Collected data:
lemma block_lower_diff:
  fixes X Y :: "'a :: ab_group_add mat"
  assumes X: "X \<in> carrier_mat r s" and Y: "Y \<in> carrier_mat r s"
    and "block_lower a b d X" "block_lower a b d Y"
  shows "block_lower a b d (X - Y)"
  unfolding block_lower_def
proof (intro allI impI)
  fix i j assume "i < dim_row (X - Y)" "j < dim_col (X - Y)" and nz: "(X - Y) $$ (i,j) \<noteq> 0"
  then have ij: "i < r" "j < s" using X Y by auto
  then have "X $$ (i,j) \<noteq> 0 \<or> Y $$ (i,j) \<noteq> 0" using nz X Y by auto
  then show "j div b + d \<le> i div a"
    using assms(3,4) ij X Y by (auto intro: block_lowerD)
qed

lemma block_lower_pow:
  fixes X :: "'a :: comm_ring_1 mat"
  assumes X: "X \<in> carrier_mat n n" and "block_lower a a d X"
  shows "block_lower a a (k * d) (X ^\<^sub>m k)"
proof (induct k)
  case 0
  then show ?case using block_lower_one by simp
next
  case (Suc k)
  then show ?case
    using block_lower_mult[OF pow_carrier_mat[OF X] X Suc assms(2)] by (simp add: add.commute)
qed

lemma block_lower_pow_eq_zero:
  fixes X :: "'a :: comm_ring_1 mat"
  assumes X: "X \<in> carrier_mat n n" and n: "n \<le> L * a" and "block_lower a a 1 X"
  shows "X ^\<^sub>m L = 0\<^sub>m n n"
proof (rule eq_matI)
  fix i j assume ij: "i < dim_row (0\<^sub>m n n :: 'a mat)" "j < dim_col (0\<^sub>m n n :: 'a mat)"
  then have "i div a < L" using n by (simp add: less_mult_imp_div_less mult.commute)
  moreover have "(X ^\<^sub>m L) $$ (i,j) \<noteq> 0 \<Longrightarrow> j div a + L \<le> i div a"
    using block_lower_pow[OF X assms(3), of L] ij X by (intro block_lowerD) auto
  ultimately show "(X ^\<^sub>m L) $$ (i,j) = 0\<^sub>m n n $$ (i,j)" using ij by fastforce
qed (use X in auto)
lemma subset_prob_disjoint_blocks:
  fixes B :: "'i \<Rightarrow> 'a set"
  assumes "finite S" "finite I" "\<And>i. i \<in> I \<Longrightarrow> B i \<subseteq> S" "disjoint_family_on B I"
  shows "subset_prob S p (\<lambda>E. \<forall>i\<in>I. C i (E \<inter> B i)) = (\<Prod>i\<in>I. subset_prob (B i) p (C i))"
  using assms(2,1,3,4)
proof (induction I arbitrary: S rule: finite_induct)
  case empty
  then show ?case by (simp add: subset_prob_True)
next
  case (insert j I)
  define R where "R = S - B j"
  have S: "S = B j \<union> R" and "B j \<inter> R = {}" "finite (B j)" "finite R"
    using insert.prems by (auto simp: R_def intro: finite_subset)
  have BR: "B i \<subseteq> R" if "i \<in> I" for i
    using insert.prems insert.hyps(2) that unfolding R_def disjoint_family_on_insert[OF insert.hyps(2)]
    by blast
  have "subset_prob S p (\<lambda>E. \<forall>i\<in>insert j I. C i (E \<inter> B i))
      = subset_prob (B j \<union> R) p (\<lambda>E. C j (E \<inter> B j) \<and> (\<lambda>G. \<forall>i\<in>I. C i (G \<inter> B i)) (E \<inter> R))"
    unfolding S using BR by (intro subset_prob_cong) (auto simp: Int_assoc Int_absorb1)
  also have "\<dots> = subset_prob (B j) p (C j) * subset_prob R p (\<lambda>G. \<forall>i\<in>I. C i (G \<inter> B i))"
    by (rule subset_prob_Un_disjoint) fact+
  also have "\<dots> = (\<Prod>i\<in>insert j I. subset_prob (B i) p (C i))"
    using insert BR \<open>finite R\<close> by (simp add: disjoint_family_on_insert)
  finally show ?case .
qed

lemma subset_prob_union_bound:
  assumes "finite I" "0 \<le> p" "p \<le> 1"
  shows "subset_prob S p (\<lambda>E. \<exists>i\<in>I. P i E) \<le> (\<Sum>i\<in>I. subset_prob S p (P i))"
proof -
  have w: "0 \<le> subset_weight S p E" for E
    unfolding subset_weight_def using assms by (intro prod_nonneg) auto
  have "(if \<exists>i\<in>I. P i E then subset_weight S p E else 0)
      \<le> (\<Sum>i\<in>I. if P i E then subset_weight S p E else 0)" for E
  proof (cases "\<exists>i\<in>I. P i E")
    case True
    then obtain i where "i \<in> I" "P i E" by blast
    then show ?thesis
      using member_le_sum[of i I "\<lambda>i. if P i E then subset_weight S p E else 0"] w assms(1) by simp
  qed (simp add: sum_nonneg w)
  then show ?thesis
    unfolding subset_prob_def by (subst sum.swap) (rule sum_mono)
qed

WHAT IS REQUIRED:
Starting with the line that holds "proof (intro allI impI)" and ending with the line that holds "using X Y by auto", retype every line in the data above exactly, and nothing else.

RESULT OF THIS EXERCISE:
proof (intro allI impI)
  fix i j assume "i < dim_row (X - Y)" "j < dim_col (X - Y)" and nz: "(X - Y) $$ (i,j) \<noteq> 0"
  then have ij: "i < r" "j < s" using X Y by auto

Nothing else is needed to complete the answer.